# Kein upload mehr



## TZ86 (1. Februar 2007)

Hallo,

also ich habe folgendes problem, ich kann nix mehr hochladen bei diversen seiten, zum beispiel wenn ich auf einer site wo man kostenlos bilder hochladen kan, ein bild hochladen will, tut sich nix.
das problem besteht im firefox, wei im ie. ich hab schon probiert ohne firewall etwas hochzuladen aber das funtkioniert auch nich also kann ich das ausschliesen. und bei diversen tauschbörsen funktioniert mein upload auch also es beschrenkt sich alleine darauf das ich im ff und im ie nix mehr hochladen kann.

ich währ über jeden vorschlag dankbar der mir hilft das problem zu lösen.

mfg ich


----------



## TZ86 (7. Februar 2007)

Schönes Forum hier,
könntet ja wenigstens sagen das ihr net wisst was es sein könnte ...


----------



## Maik (8. Februar 2007)

Hi!


			
				TZ86 hat gesagt.:
			
		

> könntet ja wenigstens sagen das ihr net wisst was es sein könnte ...


... womit dir aber auch nicht geholfen wäre.


----------



## Dennis Wronka (8. Februar 2007)

michaelsinterface hat gesagt.:


> Hi!
> 
> ... womit dir aber auch nicht geholfen wäre.



... vor allem waere es ja auch etwas unpraktisch wenn der Thread auf ueber 100.000 Antworten aufgeblasen wird nur weil jeder User hier schreibt, dass er nicht weiss was Dein Problem ist.

Hast Du vielleicht irgendwas installiert was daraufhin Deinen Upload lahmgelegt haben koennte? Weil einfach so hoeren die Browser ja nicht auf voll zu funktionieren.
Eine Neuinstallation von Firefox waere wohl auch einen Versuch wert, und moeglicherweise auch einfach mal ein Test mit Opera.


----------



## TZ86 (8. Februar 2007)

Erstma sry wegn meim 2ten text aber sonst hat ja keiner geantwortet..

Ich behaupte jetz einfach mal, das ich ein softwareproblem vol lausschliesen kann, da es am rechner meiner mutter auch nicht geht.
hab ma bei t-online angrufn un die ham en leitungstest gemacht, laut dem es auch nicht an der leitung liegen kann.
Kann es sein das es evtl am router liegt?
wobei es nach nem routerreset und nem softwareupdate immernoch nicht funktioniert.


----------



## Dennis Wronka (8. Februar 2007)

Irgendwas muss sich ja bei Dir geaendert haben dass es nicht mehr geht. Hast Du das Problem vielleicht seitdem Du diesen Router hast? Oder seitdem Du irgendwas installiert oder entfernt hast?
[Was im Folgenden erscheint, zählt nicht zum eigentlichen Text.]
text \<open>Input space R^(d_in) is real^'n; coordinates are listed via a bijection
  e : {0..<CARD('n)} -> 'n, giving the input vector (\<lambda>k. x $ e k).\<close>
definition decision_region :: "((real^'n) \<Rightarrow> (nat \<Rightarrow> real)) \<Rightarrow> nat \<Rightarrow> nat \<Rightarrow> (real^'n) set" where
  "decision_region F dout j = {x. \<forall>k<dout. k \<noteq> j \<longrightarrow> F x j > F x k}"

end

theory Submission
  imports Defs
begin

text \<open>Induction on the depth. A one-layer network is linear, so its decision regions are cones
  and every point of a region lies on a ray inside it. A network of depth L+1 is a network of
  depth L precomposed with y \<mapsto> \<sigma>(W y + b), the first layer. If W has a nontrivial kernel (in
  particular if the first layer is narrower than the input), the region is invariant under
  translations along it. Otherwise the property "open, with only unbounded components" passes to
  preimages under the affine bijection, under the componentwise map of an injective continuous
  \<sigma> (by invariance of domain, the image of a bounded component would be a bounded clopen part
  of the target), and under the componentwise ReLU (a bounded component stays inside the open
  positive orthant, where ReLU is the identity).\<close>

definition all_components_unbounded :: "'a::metric_space set \<Rightarrow> bool" where
  "all_components_unbounded U \<longleftrightarrow> (\<forall>x\<in>U. \<not> bounded (connected_component_set U x))"

lemma unbounded_connected_component:
  assumes "connected S" "x \<in> S" "S \<subseteq> U" "\<not> bounded S"
  shows "\<not> bounded (connected_component_set U x)"
  using connected_component_maximal[OF assms(2,1,3)] assms(4) bounded_subset by blast

lemma connected_ray: "connected ((\<lambda>t. x + t *\<^sub>R u) ` {0..})"
  for x u :: "'a::real_normed_vector"
  by (intro connected_continuous_image continuous_intros is_interval_connected)
    (auto simp: is_interval_def)

lemma unbounded_ray:
  fixes x u :: "'a::real_normed_vector"
  assumes "u \<noteq> 0"
  shows "\<not> bounded ((\<lambda>t. x + t *\<^sub>R u) ` {0..})"
proof
  assume "bounded ((\<lambda>t. x + t *\<^sub>R u) ` {0..})"
  then obtain B where B: "\<And>t. t \<ge> 0 \<Longrightarrow> norm (x + t *\<^sub>R u) \<le> B"
    by (auto simp: bounded_iff)
  define t where "t = (B + norm x + 1) / norm u"
  have "norm x \<le> B" using B[of 0] by simp
  then have "B + norm x + 1 > 0" using norm_ge_zero[of x] by linarith
  then have "t \<ge> 0" and "t * norm u = B + norm x + 1"
    using assms by (auto simp: t_def)
  moreover have "norm (t *\<^sub>R u) \<le> norm (x + t *\<^sub>R u) + norm x"
    using norm_triangle_ineq4[of "x + t *\<^sub>R u" x] by simp
  ultimately show False using B[of t] by simp
qed

lemma unbounded_connected_component_ray:
  fixes x u :: "'a::real_normed_vector"
  assumes "u \<noteq> 0" "\<And>t. t \<ge> 0 \<Longrightarrow> x + t *\<^sub>R u \<in> U"
  shows "\<not> bounded (connected_component_set U x)"
proof (rule unbounded_connected_component[OF connected_ray])
  show "x \<in> (\<lambda>t. x + t *\<^sub>R u) ` {0..}" by (rule image_eqI[of _ _ 0]) auto
  show "(\<lambda>t. x + t *\<^sub>R u) ` {0..} \<subseteq> U" using assms(2) by auto
  show "\<not> bounded ((\<lambda>t. x + t *\<^sub>R u) ` {0..})" using assms(1) by (rule unbounded_ray)
qed

lemma all_components_unbounded_if_rays:
  fixes U :: "'a::real_normed_vector set"
  assumes "\<And>x. x \<in> U \<Longrightarrow> \<exists>u\<noteq>0. \<forall>t\<ge>0. x + t *\<^sub>R u \<in> U"
  shows "all_components_unbounded U"
  unfolding all_components_unbounded_def
proof
  fix x assume "x \<in> U"
  then obtain u where "u \<noteq> 0" "\<forall>t\<ge>0. x + t *\<^sub>R u \<in> U" using assms by blast
  then show "\<not> bounded (connected_component_set U x)"
    by (intro unbounded_connected_component_ray) auto
qed

lemma all_components_unbounded_clopen_unbounded:
  assumes "all_components_unbounded U" "open A" "A \<subseteq> U" "U \<inter> closure A \<subseteq> A" "a \<in> A"
  shows "\<not> bounded A"
proof -
  let ?C = "connected_component_set U a"
  have "connectedin (top_of_set U) ?C"
    by (simp add: connectedin_subtopology connected_component_subset)
  moreover have "closedin (top_of_set U) A"
    unfolding closedin_closed using assms(3,4) closure_subset by (intro exI[of _ "closure A"]) blast
  moreover have "openin (top_of_set U) A"
    unfolding openin_open using assms(2,3) by (intro exI[of _ A]) blast
  ultimately have "?C \<subseteq> A \<or> disjnt ?C A" by (rule connectedin_clopen_cases)
  moreover have "a \<in> ?C" using assms(3,5) by auto
  ultimately have "?C \<subseteq> A" using assms(5) by (auto simp: disjnt_iff)
  then show ?thesis
    using assms(1,3,5) bounded_subset unfolding all_components_unbounded_def by blast
qed

lemma Int_closure_connected_component_subset:
  "S \<inter> closure (connected_component_set S x) \<subseteq> connected_component_set S x"
proof -
  obtain T where "closed T" "connected_component_set S x = S \<inter> T"
    using closedin_connected_component[of S x] by (auto simp: closedin_closed)
  then show ?thesis using closure_minimal[of _ T] by blast
qed

lemma all_components_unbounded_vimage_noninj:
  fixes M :: "'a::real_normed_vector \<Rightarrow> 'b::real_normed_vector"
  assumes "linear M" "\<not> inj M"
  shows "all_components_unbounded (M -` S)"
proof (rule all_components_unbounded_if_rays)
  obtain u where "u \<noteq> 0" "M u = 0" using assms linear_injective_0 by blast
  then show "\<exists>u\<noteq>0. \<forall>t\<ge>0. x + t *\<^sub>R u \<in> M -` S" if "x \<in> M -` S" for x
    using that assms(1) by (auto simp: linear_add linear_scale)
qed

lemma all_components_unbounded_vimage_inj:
  fixes f :: "'a::euclidean_space \<Rightarrow> 'a"
  assumes f: "continuous_on UNIV f" "inj f" and U: "open U" "all_components_unbounded U"
  shows "all_components_unbounded (f -` U)"
  unfolding all_components_unbounded_def
proof (intro ballI notI)
  fix x assume x: "x \<in> f -` U"
  define Z where "Z = connected_component_set (f -` U) x"
  assume "bounded Z"
  then have "compact (f ` closure Z)"
    by (intro compact_continuous_image continuous_on_subset[OF f(1)]) (auto simp: compact_closure)
  then have closed: "closed (f ` closure Z)" and bounded: "bounded (f ` closure Z)"
    by (auto intro: compact_imp_closed compact_imp_bounded)
  have "open Z"
    unfolding Z_def by (intro open_connected_component open_vimage U(1) f(1))
  then have "open (f ` Z)"
    using invariance_of_domain[OF continuous_on_subset[OF f(1)]] inj_on_subset[OF f(2)] by blast
  moreover have "f ` Z \<subseteq> U" using connected_component_subset[of "f -` U" x] by (auto simp: Z_def)
  moreover have "U \<inter> closure (f ` Z) \<subseteq> f ` Z"
  proof
    fix p assume p: "p \<in> U \<inter> closure (f ` Z)"
    then obtain q where "q \<in> closure Z" "p = f q"
      using closure_minimal[OF image_mono[OF closure_subset] closed] by blast
    moreover have "f -` U \<inter> closure Z \<subseteq> Z"
      unfolding Z_def by (rule Int_closure_connected_component_subset)
    ultimately show "p \<in> f ` Z" using p by blast
  qed
  moreover have "f x \<in> f ` Z" using x by (simp add: Z_def)
  ultimately have "\<not> bounded (f ` Z)" by (rule all_components_unbounded_clopen_unbounded[OF U(2)])
  moreover have "f ` Z \<subseteq> f ` closure Z" using closure_subset by (rule image_mono)
  ultimately show False using bounded bounded_subset by blast
qed

definition componentwise :: "(real \<Rightarrow> real) \<Rightarrow> real^'n \<Rightarrow> real^'n" where
  "componentwise \<sigma> z = (\<chi> i. \<sigma> (z $ i))"

lemma continuous_on_componentwise:
  assumes "continuous_on UNIV \<sigma>"
  shows "continuous_on UNIV (componentwise \<sigma>)"
  unfolding componentwise_def
  by (intro continuous_on_vec_lambda
      continuous_on_compose2[OF assms linear_continuous_on[OF bounded_linear_vec_nth]]) auto

lemma inj_componentwise:
  assumes "inj \<sigma>"
  shows "inj (componentwise \<sigma>)"
proof (rule injI)
  fix y z assume "componentwise \<sigma> y = componentwise \<sigma> z"
  then have "\<sigma> (y$i) = \<sigma> (z$i)" for i by (metis componentwise_def vec_lambda_beta)
  then show "y = z" using assms by (simp add: vec_eq_iff inj_eq)
qed

lemma positive_if_bounded_component_vimage_relu:
  fixes U :: "(real^'n) set"
  defines "V \<equiv> componentwise (\<lambda>t. max t 0) -` U"
  assumes bounded: "bounded (connected_component_set V x)"
    and z: "z \<in> connected_component_set V x"
  shows "0 < z $ i"
proof (rule ccontr)
  assume "\<not> 0 < z $ i"
  then have "componentwise (\<lambda>t. max t 0) (z + t *\<^sub>R - axis i 1) = componentwise (\<lambda>t. max t 0) z"
    if "t \<ge> 0" for t
    using that by (auto simp: componentwise_def vec_eq_iff axis_def)
  moreover have "z \<in> V" using z connected_component_subset by blast
  ultimately have ray: "z + t *\<^sub>R - axis i 1 \<in> V" if "t \<ge> 0" for t using that by (simp add: V_def)
  have "- axis i 1 \<noteq> (0::real^'n)" by (simp add: axis_eq_0_iff)
  then have "\<not> bounded (connected_component_set V z)"
    using ray by (rule unbounded_connected_component_ray)
  then show False using bounded z connected_component_eq[of z V x] by simp
qed

lemma all_components_unbounded_vimage_relu:
  fixes U :: "(real^'n) set"
  assumes U: "open U" "all_components_unbounded U"
  shows "all_components_unbounded (componentwise (\<lambda>t. max t 0) -` U)"
  unfolding all_components_unbounded_def
proof (intro ballI notI)
  let ?relu = "componentwise (\<lambda>t. max t 0)"
  let ?V = "?relu -` U"
  have relu_id: "?relu z = z" if "\<forall>i. 0 \<le> z$i" for z
    using that by (simp add: componentwise_def vec_eq_iff)
  fix x assume x: "x \<in> ?V"
  define Z where "Z = connected_component_set ?V x"
  assume bounded: "bounded Z"
  then have Z_pos: "\<forall>i. 0 < z$i" if "z \<in> Z" for z
    using that positive_if_bounded_component_vimage_relu by (auto simp: Z_def)
  have "continuous_on UNIV (\<lambda>t::real. max t 0)" by (intro continuous_intros)
  then have "open Z"
    unfolding Z_def by (intro open_connected_component open_vimage U(1) continuous_on_componentwise)
  moreover have "Z \<subseteq> U"
  proof
    fix z assume z: "z \<in> Z"
    then have "?relu z = z" using Z_pos relu_id less_imp_le by blast
    moreover have "z \<in> ?V" using z connected_component_subset by (auto simp: Z_def)
    ultimately show "z \<in> U" by simp
  qed
  moreover have "U \<inter> closure Z \<subseteq> Z"
  proof
    fix p assume p: "p \<in> U \<inter> closure Z"
    have "closure Z \<subseteq> {z. \<forall>i. 0 \<le> z$i}"
      using Z_pos by (intro closure_minimal closed_positive_orthant) (auto simp: less_imp_le)
    then have "?relu p = p" using p relu_id by blast
    then have "p \<in> ?V \<inter> closure Z" using p by simp
    then show "p \<in> Z" using Int_closure_connected_component_subset[of ?V x] by (simp add: Z_def subset_iff)
  qed
  moreover have "x \<in> Z" using x by (simp add: Z_def)
  ultimately have "\<not> bounded Z" by (rule all_components_unbounded_clopen_unbounded[OF U(2)])
  then show False using bounded by blast
qed

lemma all_components_unbounded_vimage_componentwise:
  fixes U :: "(real^'n) set"
  assumes \<sigma>: "continuous_on UNIV \<sigma>" "inj \<sigma> \<or> \<sigma> = (\<lambda>t. max t 0)"
    and U: "open U" "all_components_unbounded U"
  shows "all_components_unbounded (componentwise \<sigma> -` U)"
  using \<sigma>(2) all_components_unbounded_vimage_relu[OF U]
    all_components_unbounded_vimage_inj[OF continuous_on_componentwise[OF \<sigma>(1)] inj_componentwise U]
  by blast

lemma open_decision_region:
  assumes "\<And>i. continuous_on UNIV (\<lambda>y. F y i)"
  shows "open (decision_region F m j)"
proof -
  have "decision_region F m j = (\<Inter>k\<in>{k. k < m \<and> k \<noteq> j}. {y. F y k < F y j})"
    unfolding decision_region_def by auto
  then show ?thesis
    by (auto intro!: open_INT open_Collect_less assms)
qed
Du hast nicht zufaellig ein Laptop bei dem es auch nicht funktioniert? Das koenntest Du dann ja mal mit zu einem Freund nehmen und es von dort probieren.

Funktioniert es auf keiner Seite oder nur auf bestimmten nicht?

Und zu guter Letzt moechte ich Dich noch bitten in Zukunft ein wenig auf die Form Deiner Beitraege zu achten. Dein letzter Post ist doch eher eine Zumutung.


----------



## TZ86 (8. Februar 2007)

Also, das Problem besteht seit dem wir umgezogen sind und einen Tarifwechsel hatten. Und nach dem Umzug hab ich nix an meiner Software geändert.

Den Laptop zum probieren hab ich nicht aber wie gesagt, bei meiner Mutter ihrm Rechner geht es auch nicht und der hängt am selben Router.

Und es funtkioniert auf keiner Seite im Internet, wobei ich aber über ICQ oder sonstige Chatprogramme Dateien senden kann.

Ich hab grad nochmal bei der Kundenhilfe von T-Com angerufen und der Typ wusste auch nicht woran es liegen kann. Er hat mir nur empfohlen den Router mal auf Modem umzustellen und das zu testen aber was will ich mit nem Router, wenn ich den nur als Modem richtig benutzen kann...

Ich werd das Ding einfach mal umtauschen, mal sehen obs dann wieder geht.


----------